И потрясающее по своей значительности впечатление производит то, что Фишер никак не может закончить разработку своей второй эстетики, и как нечто хаотичес­кое вторгается тут во всю его духовную жизнь. В прошлой лекции я рассказал вам о его своеобразном — филистерс­ком — отношении к "Фаусту" Гёте. Все это происходит потому, что он чувствует себя неуверенно и хочет опять оказаться вместе со своими старыми сотоварищами. Тут надо принимать во внимание, как сильно работает в карме бессознательное — то бессознательное, которое, впрочем, на более высокой ступени созерцания становится осоз­нанным. Тут надо уяснить себе, какую сильную ненависть питали к "Фаусту" некоторые обывательски настроенные естествоиспытатели. Вспомните слова Дюбуа-Реймона о том, что Гёте поступил бы умнее, если бы Фауст что-нибудь изобретал, вместо того чтобы заклинать духов и вызывать Духа Земли, водить дружбу с Мефистофелем, соблазнять девушку и не жениться на ней. Да, для Дюбуа-Реймона все это ерунда, он считает, что Гёте должен был сделать своего героя изобретателем электрической маши­ны и воздушного насоса! — Разумеется, такой Фауст на­шел бы общественную поддержку, мог бы стать бургомис­тром Магдебурга; и главное, чтобы не было никакой тра­гедии Гретхен, такой сомнительной и постыдной, и вмес­то, например, сцены в тюрьме явилась бы сцена солидной буржуазной свадьбы.
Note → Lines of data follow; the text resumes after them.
lemma pos_fif_le_persists:
  assumes "pos_fif_le t0 k H" "2 \<le> k" "k < H"
  shows "t0 \<le> t \<Longrightarrow> enat t \<le> N \<Longrightarrow> \<forall>s. t0 < s \<and> s \<le> t \<longrightarrow> h s \<noteq> k \<and> h s \<noteq> H
    \<Longrightarrow> pos_fif_le t k H"
proof (induction t)
  case (Suc t)
  show ?case
  proof (cases "t0 = Suc t")
    case False
    then have "t0 \<le> t" using Suc.prems(1) by simp
    moreover have "enat t \<le> N" using Suc.prems(2) order.trans[of "enat t" "enat (Suc t)" N] by simp
    moreover have "\<forall>s. t0 < s \<and> s \<le> t \<longrightarrow> h s \<noteq> k \<and> h s \<noteq> H" using Suc.prems(3) by simp
    ultimately have "pos_fif_le t k H" by (rule Suc.IH)
    moreover have "at_pos t (\<sigma> (Suc t)) (h (Suc t))"
      using at_pos_position_seq[of "Suc t"] Suc.prems(2) by simp
    moreover have "h (Suc t) \<noteq> k" "h (Suc t) \<noteq> H" using Suc.prems(3) \<open>t0 \<le> t\<close> by simp_all
    ultimately show ?thesis using pos_fif_le_Suc assms(2,3) Suc.prems(2) by blast
  qed (use assms(1) in simp)
qed (use assms(1) in simp)

lemma requested_between_repeats:
  assumes t: "1 \<le> t1" "t1 < t2" "enat t2 \<le> N" "h t2 = h t1"
    and first: "\<forall>s. t1 < s \<and> s < t2 \<longrightarrow> h s \<noteq> h t1" and k: "2 \<le> k" "k < h t1"
  shows "\<exists>s. t1 < s \<and> s < t2 \<and> h s = k"
proof (rule ccontr)
  assume k_absent: "\<not> (\<exists>s. t1 < s \<and> s < t2 \<and> h s = k)"
  obtain t0 where t0: "t1 = Suc t0" using t(1) by (cases t1) auto
  obtain t3 where t3: "t2 = Suc t3" using t(2) by (cases t2) auto
  have "enat t1 \<le> N" using t order.trans[of "enat t1" "enat t2" N] by simp
  then have "pos_fif_le t1 k (h t1)"
    using pos_fif_le_after_request[of t0] at_pos_position_seq[of t1] t0 k by simp
  moreover have "\<forall>s. t1 < s \<and> s \<le> t3 \<longrightarrow> h s \<noteq> k \<and> h s \<noteq> h t1"
  proof (intro allI impI)
    fix s assume s: "t1 < s \<and> s \<le> t3"
    then have "s < t2" using t3 by simp
    then show "h s \<noteq> k \<and> h s \<noteq> h t1" using k_absent first s by blast
  qed
  ultimately have "pos_fif_le t3 k (h t1)"
    using pos_fif_le_persists k t(2,3) t3 order.trans[of "enat t3" "enat t2" N] by simp
  moreover have "at_pos t3 (\<sigma> (Suc t3)) (h t1)" using at_pos_position_seq[OF _ t(3)] t(4) t3 by simp
  ultimately show False using not_pos_fif_le_before_request t(3) t3 k by simp
qed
Конечно, с некоторой точки зрения все это оправданно. Но ведь Гёте ни о чем подобном и помыслить не мог.

Очевидно, Фридрих Теодор Фишер чувствовал себя не вполне уверенно, когда переживал этот поворот в своей карме. И он подсознательно стремился назад все снова и снова; поэтому для его подсознания, хотя он был свобод­но мыслящим человеком, всегда было радостно слышать, как филистеры поносят "Фауста" Гёте. Однако принимая в этом участие, он остается исполненным остроумия; он как бы играет в снежки. И как раз тогда, когда наблюда­ешь человека при таких обстоятельствах, когда можешь составить о нем наглядное представление, тогда получа­ешь имагинации, которые ведут за кулисы чувственного бытия. В такие моменты их удается добыть.

Вот, например, замечательная картина. С одной сторо­ны выступают филистеры первого порядка, например, тот же Дюбуа-Реймон; Гёте должен был сделать Фауста магдебургским бургомистром, изобретателем электрической машины и воздушного насоса и женить его на Гретхен. Вот это филистер первого порядка! Это идет из подсознания, ведь здесь налицо кармическая связь. Все это мав­ры — такие же представители арабизма, как и Фишер. Его самого это привлекает, ему это родственно, и все же он сам не такой; в промежуточный период он соприкос­нулся с другими течениями, которые и повернули его карму. И вот если филистер первого порядка бросает в него снежком, он тоже бросает в него снежок, заявляя: надо написать диссертацию, например, на тему связи об­морожений у фрау Кристианы фон Гёте с символико-аллегорически-мифологическими фигурами из второй части "Фауста". Не правда ли, это уже филистерство с оттен­ком гениальности, филистерство второго порядка.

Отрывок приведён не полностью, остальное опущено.